- Nickname: Rice City [Given by local panchayat]
- Waraseoni Location in Madhya Pradesh, India
- Coordinates: 21°45′53″N 80°2′58″E﻿ / ﻿21.76472°N 80.04944°E
- Country: India
- State: Madhya Pradesh
- Division: Jabalpur Division
- District: Balaghat
- Waraseoni Nagar Palika Parishad: 1948
- MLA: Vivek (Vickey) Patel

Government
- • Type: Nagar Palika Parishad
- • Body: Waraseoni Nagar Palika Parishad
- • President: SDM
- • SDM: Sandeep Singh
- Elevation: 305.19 m (1,001.3 ft)

Population (2017)
- • Town: 176,291
- • Urban: 27,494
- • Rural: 148,797

Languages
- • Official: Hindi Marathi (primary) English (additional)
- Time zone: UTC+5:30 (IST)
- PIN Code: 481331
- Area code: +91-7633
- ISO 3166 code: IN-MP
- Vehicle registration: MP 50
- Sex Ratio: 1019
- Literacy Rate: 80% [60% up to primary, 20% graduate]

= Waraseoni =

Tehsil in Balaghat district, India

Waraseoni (वारासिवनी) is a tehsil (administrative division) and Nagar Palika Parishad (municipality) in Balaghat district in the Indian state of Madhya Pradesh. It is situated 16 km from the district headquarters.
Waraseoni is second most populous town in Balaghat District after Balaghat.

==Transport==
Waraseoni is connected via road to Balaghat, Katangi, Lalbarra, Seoni, Nagpur, Jabalpur, Chhindwara, Bhopal, Indore, Tumsar, Gondia and Bhandara. It is also connected by rail, lying on the Balaghat–Katangi section of the South East Central Railway zone (SECR) which runs trains connecting the city to Gondia Junction railway station on the Howrah–Nagpur–Mumbai line.

The nearest major city is Nagpur, which is 145 km away by road. The nearest airport is Nagpur Airport.

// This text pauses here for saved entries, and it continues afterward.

(* Let $(r_n)$ be an increasing sequence of integers such that there is a continuous (non-atomic) finite positive Borel measure $\sigma$ on $\mathbb{T}=\mathbb{R}/\mathbb{Z}$ for which the sequence $(\hat\sigma(n))$, $\hat\sigma(n)=\int_{\mathbb{T}}e^{2\pi int}\,d\sigma(t)$, is not null along $(r_n)$. Then there exists a linear correlation, i.e. a sequence $a(n)=\int_Xf_0(T^{c_0n}x)\cdots f_k(T^{c_kn}x)\,d\mu(x)$ for some invertible measure preserving system $(X,\mu,T)$, $f_j\in L^\infty(\mu)$ and $c_j\in\mathbb{Z}$, whose null component is not null along $(r_n)$.
   Context: A bounded sequence $b$ is null along $(r_n)$ if $\frac1N\sum_{n=1}^N|b(r_n)|\to0$, and null if this holds for $r_n=n$. Nilsequences are uniform limits of sequences $n\mapsto f(\tau^nx)$ with $X=G/\Gamma$ a nilmanifold ($G$ nilpotent Lie group, $\Gamma$ discrete cocompact), $\tau\in G$, $x\in X$, $f\in C(X)$. Every linear correlation admits a unique decomposition as a nilsequence plus a null sequence; the null summand is its null component. *)

theory Defs
  imports "HOL-Probability.Probability" "HOL-Algebra.Generated_Groups"
begin

fun lower_central :: "('g, 'b) monoid_scheme \<Rightarrow> nat \<Rightarrow> 'g set" where
  "lower_central G 0 = carrier G"
| "lower_central G (Suc i) =
     generate G {x \<otimes>\<^bsub>G\<^esub> y \<otimes>\<^bsub>G\<^esub> inv\<^bsub>G\<^esub> x \<otimes>\<^bsub>G\<^esub> inv\<^bsub>G\<^esub> y
                 | x y. x \<in> carrier G \<and> y \<in> lower_central G i}"

definition nilpotent_group :: "('g, 'b) monoid_scheme \<Rightarrow> bool" where
  "nilpotent_group G \<longleftrightarrow> group G \<and> (\<exists>s. lower_central G s = {\<one>\<^bsub>G\<^esub>})"

definition topological_group :: "('g, 'b) monoid_scheme \<Rightarrow> 'g topology \<Rightarrow> bool" where
  "topological_group G TG \<longleftrightarrow> group G \<and> topspace TG = carrier G \<and>
     continuous_map (prod_topology TG TG) TG (\<lambda>(x, y). x \<otimes>\<^bsub>G\<^esub> y) \<and>
     continuous_map TG TG (\<lambda>x. inv\<^bsub>G\<^esub> x)"

definition topological_manifold :: "'g topology \<Rightarrow> nat \<Rightarrow> bool" where
  "topological_manifold TG d \<longleftrightarrow> Hausdorff_space TG \<and> second_countable TG \<and>
     (\<forall>g\<in>topspace TG. \<exists>U V. openin TG U \<and> g \<in> U \<and> openin (Euclidean_space d) V \<and>
        (subtopology TG U) homeomorphic_space (subtopology (Euclidean_space d) V))"

text \<open>Lie group: a topological group that is a topological manifold (by the solution of
  Hilbert's fifth problem such a group carries a unique compatible real-analytic structure).\<close>
definition lie_group :: "('g, 'b) monoid_scheme \<Rightarrow> 'g topology \<Rightarrow> bool" where
  "lie_group G TG \<longleftrightarrow> topological_group G TG \<and> (\<exists>d. topological_manifold TG d)"

text \<open>Nilmanifold data: G nilpotent Lie group, \<Gamma> discrete cocompact subgroup.
  Cocompact: G = K \<Gamma> for a compact K (equivalently G/\<Gamma> compact).\<close>
definition nilmanifold_data :: "('g, 'b) monoid_scheme \<Rightarrow> 'g topology \<Rightarrow> 'g set \<Rightarrow> bool" where
  "nilmanifold_data G TG \<Gamma> \<longleftrightarrow> lie_group G TG \<and> nilpotent_group G \<and> subgroup \<Gamma> G \<and>
     subtopology TG \<Gamma> = discrete_topology \<Gamma> \<and>
     (\<exists>K. compactin TG K \<and> carrier G = (\<Union>k\<in>K. \<Union>\<gamma>\<in>\<Gamma>. {k \<otimes>\<^bsub>G\<^esub> \<gamma>}))"

text \<open>A continuous
  function on G/\<Gamma> is represented by a continuous function F on G which is right
  \<Gamma>-invariant (the quotient topology on G/\<Gamma> written out), and \<tau> acts by left translation.
  The group is represented on a carrier inside the fixed type real (every second
  countable manifold has cardinality at most the continuum).\<close>
definition basic_nilsequence :: "(int \<Rightarrow> complex) \<Rightarrow> bool" where
  "basic_nilsequence u \<longleftrightarrow>
     (\<exists>(G :: real monoid) TG \<Gamma> F \<tau> g. nilmanifold_data G TG \<Gamma> \<and>
        continuous_map TG euclidean F \<and>
        (\<forall>h\<in>carrier G. \<forall>\<gamma>\<in>\<Gamma>. F (h \<otimes>\<^bsub>G\<^esub> \<gamma>) = F h) \<and>
        \<tau> \<in> carrier G \<and> g \<in> carrier G \<and>
        (\<forall>n::int. u n = F ((\<tau> [^]\<^bsub>G\<^esub> n) \<otimes>\<^bsub>G\<^esub> g)))"

definition nilsequence :: "(int \<Rightarrow> complex) \<Rightarrow> bool" where
  "nilsequence b \<longleftrightarrow> (\<forall>\<epsilon>>0. \<exists>u. basic_nilsequence u \<and> (\<forall>n. norm (b n - u n) \<le> \<epsilon>))"

definition null_along :: "(nat \<Rightarrow> int) \<Rightarrow> (int \<Rightarrow> complex) \<Rightarrow> bool" where
  "null_along r b \<longleftrightarrow> (\<lambda>N. (\<Sum>n=1..N. norm (b (r n))) / real N) \<longlonglongrightarrow> 0"

definition null_seq :: "(int \<Rightarrow> complex) \<Rightarrow> bool" where
  "null_seq b \<longleftrightarrow> null_along int b"

definition null_component :: "(int \<Rightarrow> complex) \<Rightarrow> (int \<Rightarrow> complex) \<Rightarrow> bool" where
  "null_component a b \<longleftrightarrow> bounded (range b) \<and> null_seq b \<and> nilsequence (\<lambda>n. a n - b n)"

definition invertible_mps :: "'x measure \<Rightarrow> ('x \<Rightarrow> 'x) \<Rightarrow> bool" where
  "invertible_mps \<mu> T \<longleftrightarrow> prob_space \<mu> \<and> bij_betw T (space \<mu>) (space \<mu>) \<and>
     T \<in> measurable \<mu> \<mu> \<and> inv_into (space \<mu>) T \<in> measurable \<mu> \<mu> \<and>
     (\<forall>A\<in>sets \<mu>. emeasure \<mu> (T -` A \<inter> space \<mu>) = emeasure \<mu> A)"

definition iterZ :: "'x measure \<Rightarrow> ('x \<Rightarrow> 'x) \<Rightarrow> int \<Rightarrow> 'x \<Rightarrow> 'x" where
  "iterZ \<mu> T k = (if k \<ge> 0 then T ^^ nat k else (inv_into (space \<mu>) T) ^^ nat (- k))"

definition Linfty :: "'x measure \<Rightarrow> ('x \<Rightarrow> complex) \<Rightarrow> bool" where
  "Linfty \<mu> f \<longleftrightarrow> f \<in> borel_measurable \<mu> \<and> (\<exists>C. AE x in \<mu>. norm (f x) \<le> C)"

definition linear_correlation_of ::
  "'x measure \<Rightarrow> ('x \<Rightarrow> 'x) \<Rightarrow> nat \<Rightarrow> (nat \<Rightarrow> 'x \<Rightarrow> complex) \<Rightarrow> (nat \<Rightarrow> int) \<Rightarrow> int \<Rightarrow> complex" where
  "linear_correlation_of \<mu> T k f c n =
     integral\<^sup>L \<mu> (\<lambda>x. \<Prod>j\<le>k. f j (iterZ \<mu> T (c j * n) x))"

definition is_linear_correlation :: "'x itself \<Rightarrow> (int \<Rightarrow> complex) \<Rightarrow> bool" where
  "is_linear_correlation _ a \<longleftrightarrow>
     (\<exists>(\<mu> :: 'x measure) T k f c. invertible_mps \<mu> T \<and> (\<forall>j\<le>k. Linfty \<mu> (f j)) \<and>
        a = linear_correlation_of \<mu> T k f c)"

text \<open>Finite positive Borel measures on T = R/Z, represented on [0,1).\<close>
definition circle_measure :: "real measure \<Rightarrow> bool" where
  "circle_measure \<sigma> \<longleftrightarrow> finite_measure \<sigma> \<and> sets \<sigma> = sets (restrict_space borel {0..<1})"

definition fourier_coeff :: "real measure \<Rightarrow> int \<Rightarrow> complex" where
  "fourier_coeff \<sigma> n = integral\<^sup>L \<sigma> (\<lambda>t. cis (2 * pi * of_int n * t))"

end

theory Submission
  imports Defs
begin

(* Wiener's lemma makes the Fourier coefficients of a continuous measure null: the Cesaro mean of
   |sigma^(n)|^2 is the sigma x sigma integral of the Cesaro mean of exp(2 pi i n (x - y)), which
   tends to 0 off the diagonal, and the diagonal is a null set.  On the other hand sigma^/|sigma| is
   a linear correlation: on the skew product (x, y) |-> (x, y + x) of the torus with the measure
   (sigma/|sigma|) x Lebesgue, the functions exp(-2 pi i y) and exp(2 pi i y) correlate along the
   exponents 0 and n to int exp(2 pi i n x) dsigma/|sigma|.  Being null, this correlation is its own
   null component (its nilsequence part is 0), and it is not null along r by hypothesis. *)

definition trivial_group :: "real monoid" where
  "trivial_group = \<lparr>carrier = {0}, mult = (\<lambda>_ _. 0), one = 0\<rparr>"

lemma trivial_group_simps [simp]:
  "carrier trivial_group = {0}" "\<one>\<^bsub>trivial_group\<^esub> = 0" "x \<otimes>\<^bsub>trivial_group\<^esub> y = 0"
  by (simp_all add: trivial_group_def)

lemma group_trivial_group: "group trivial_group"
  by (rule groupI) auto

lemma topological_group_trivial_group: "topological_group trivial_group (discrete_topology {0})"
proof -
  have inv: "inv\<^bsub>trivial_group\<^esub> x = 0" if "x \<in> carrier trivial_group" for x
    using group.inv_closed[OF group_trivial_group that] by simp
  have "continuous_map (discrete_topology {0}) (discrete_topology {0}) (\<lambda>x. inv\<^bsub>trivial_group\<^esub> x)"
    by (rule continuous_map_eq[of _ _ "\<lambda>_. 0"]) (auto simp: inv)
  then show ?thesis
    unfolding topological_group_def using group_trivial_group
    by (simp add: case_prod_unfold)
qed

lemma topological_manifold_discrete_singleton: "topological_manifold (discrete_topology {a}) 0"
  unfolding topological_manifold_def
proof (intro conjI ballI exI)
  have "discrete_topology {a} homeomorphic_space Euclidean_space 0"
    unfolding homeomorphic_space_def homeomorphic_maps_def
    by (rule exI[of _ "\<lambda>_ _. 0"], rule exI[of _ "\<lambda>_. a"])
       (auto simp: topspace_Euclidean_space)
  then show "subtopology (discrete_topology {a}) {a} homeomorphic_space
      subtopology (Euclidean_space 0) (topspace (Euclidean_space 0))"
    by simp
qed (auto simp: second_countable_discrete_topology)

lemma nilmanifold_data_trivial_group:
  "nilmanifold_data trivial_group (discrete_topology {0}) {0}"
  unfolding nilmanifold_data_def lie_group_def nilpotent_group_def
proof (intro conjI exI)
  show "subgroup {0} trivial_group"
    using group.subgroup_self[OF group_trivial_group] by simp
  show "lower_central trivial_group 0 = {\<one>\<^bsub>trivial_group\<^esub>}"
    by simp
  show "carrier trivial_group = (\<Union>k\<in>{0}. \<Union>\<gamma>\<in>{0}. {k \<otimes>\<^bsub>trivial_group\<^esub> \<gamma>})"
    by simp
qed (use topological_group_trivial_group topological_manifold_discrete_singleton
         group_trivial_group in auto)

==City of Freedom Fighters==
The city is known as the City of Freedom Fighters. Shri Kasturchand Ji Verma Hiralal Tamrakar, Dr Tekchand Jain, Kanhaiyalal Rusia, Thakur Prasad Tamrakar and Buddhu Lal Marathe are among the freedom fighters who participated in the struggle for independence from the British and Portuguese. Hiralal ji is now the only living freedom fighter in Balaghat District. Hiralal Tamrakar was congratulated by Indian President Ram Nath Kovind on 9 August 2017 at Rashtrapati Bhavan, the presidential mansion.

== Demographics ==
As of the 2011 India census, Waraseoni had a population of 176,291. There were 87,307 males and 88,984 females. There were 1,019 females to every 1,000 males. Waraseoni had an average literacy rate of 80%, higher than the national average of 73%. Male literacy was 87.8% and female literacy was 72.3%. 12% of the population was under 6 years of age.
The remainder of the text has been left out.